The mood of traders and small manufacturers across the country post the GST roll-out, especially in the hinterlands was morose, many of them actually went out of business. These were traders who had never paid any kind of taxes earlier. The distribution of local 'masala' brands, snacks and detergent brands went down by 50 per cent, as they were not able to hire distributors because of the GST burden. Many of them dumped their products with retailers and never returned to pick up the unsold stock. Though several local manufacturers in cities such as Indore and Nagpur did come up with ways of paying GST for only 10-20 per cent of their merchandise and managed to sell the rest under the table, and some of them even managed to duck the e-way bill (by carting their products on cycles and Volvo buses if they distributed in more than one market), they were not able to sustain. Even the wholesaler, who earlier preferred local brands to national brands as he got higher margins from the former, switched his allegiance to the national brands.
Will the new GST guidelines bring back some of the small traders and manufacturers in action? "I expect some of them to come back as they will now be able to offer better margins to the wholesalers and win back their allegiance yet again," remarks Kannan Sitaram, Former COO of Dabur, who is now Venture Partner, Fireside Ventures. But the advantage, points out Sitaram, will largely be for those manufacturers dealing with food items derived from agri commodities which doesn't come under the GST bracket. "I don't see local personal care or home care brands benefitting as much even if they are exempted from GST," adds Sitaram.

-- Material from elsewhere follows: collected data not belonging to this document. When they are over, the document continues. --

lemma embedded_gadget_reachable:
  "embedded_gadget E k c u v \<Longrightarrow> x \<in> {c..<c + gadget_size k} \<Longrightarrow> E\<^sup>*\<^sup>* c x"
proof (induction k arbitrary: c u v x)
  case 0
  note nbrs = embedded_gadget_0[OF 0(1)]
  have "E c (c + 3)" "E (c + 3) (c + 2)" "E (c + 2) (c + 1)" "E (c + 3) (c + 4)" "E (c + 4) (c + 5)"
    using nbrs by blast+
  then have "E\<^sup>*\<^sup>* c (c + 3)" "E\<^sup>*\<^sup>* c (c + 2)" "E\<^sup>*\<^sup>* c (c + 1)" "E\<^sup>*\<^sup>* c (c + 4)" "E\<^sup>*\<^sup>* c (c + 5)"
    by (meson rtranclp.rtrancl_into_rtrancl r_into_rtranclp)+
  moreover have "x = c \<or> x = c + 1 \<or> x = c + 2 \<or> x = c + 3 \<or> x = c + 4 \<or> x = c + 5"
    using 0(2) by auto
  ultimately show ?case by auto
next
  case (Suc k)
  define n where "n = gadget_size k"
  note nbrs = embedded_gadget_Suc_hubs[OF Suc.prems(1), folded n_def]
  note copies = embedded_gadget_Suc_copies[OF Suc.prems(1), folded n_def]
  have "E c (c + 1)" "E (c + 1) (c + 2)" "E c (c + 3)" "E (c + 3) (c + 4)" "E (c + 3) (c + 4 + n)"
    using nbrs by blast+
  then have hubs: "E\<^sup>*\<^sup>* c (c + 1)" "E\<^sup>*\<^sup>* c (c + 2)" "E\<^sup>*\<^sup>* c (c + 3)"
    and roots: "E\<^sup>*\<^sup>* c (c + 4)" "E\<^sup>*\<^sup>* c (c + 4 + n)"
    by (meson rtranclp.rtrancl_into_rtrancl r_into_rtranclp)+
  have "x \<in> {c, c + 1, c + 2, c + 3} \<or> x \<in> {c + 4..<c + 4 + n} \<or> x \<in> {c + 4 + n..<c + 4 + n + n}"
    using Suc.prems(2) by (auto simp: n_def)
  then show ?case
    using hubs rtranclp_trans[OF roots(1) Suc.IH[OF copies(1)]] rtranclp_trans[OF roots(2) Suc.IH[OF copies(2)]]
    by (auto simp: n_def)
qed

The biggest beneficiaries of the GST regime have been the FMCG major such as HUL, ITC and Britannia who have taken advantage of the single taxation system and have hugely strengthened their distribution might. Companies such as HUL have even come up with strategies such as 'Winning In Many Indias', as part of which they are coming up with region specific brand extensions. Most of these companies have also substantially increased their advertising spends in regional markets. This will be the biggest challenge for the local brands, which don't have the ability to spend on marketing and distribution and could hence lose out. At a time when several local brands exited the market, unable to handle the pressures of GST, the national brands have encroached upon their territory by either strengthening their direct distribution might or by giving huge incentives to the wholesale community. "It's not that the likes of HUL or Dabur are paying us higher margins after GST. But if we sell Rs 50,000 or Rs 100,000 worth of their products a month, they pay us 2-4 per cent higher margins," pointed out a wholesaler in Gujarat's Navasari, in an earlier interview with Business Today.
"The deeper pockets of the bigger players as well as their quality standards may not allow the local players to come back that easily," says Sitaram. A small-town kirana store may have multiple local brands sitting next to the big brands and would be priced far lower than the national brands, but could lose out in terms of quality. In the earlier era most of the big brands were not as widely distributed as they are now, hence, the local brands had a monopoly. The wholesaler also may not be too happy to stock a local brand as he would prefer to push a better quality product, and at the same time he is also getting pampered by the bigger brands with attractive incentives.
Will the expansion of GST exemption limit really help really small traders and manufacturers? It may not.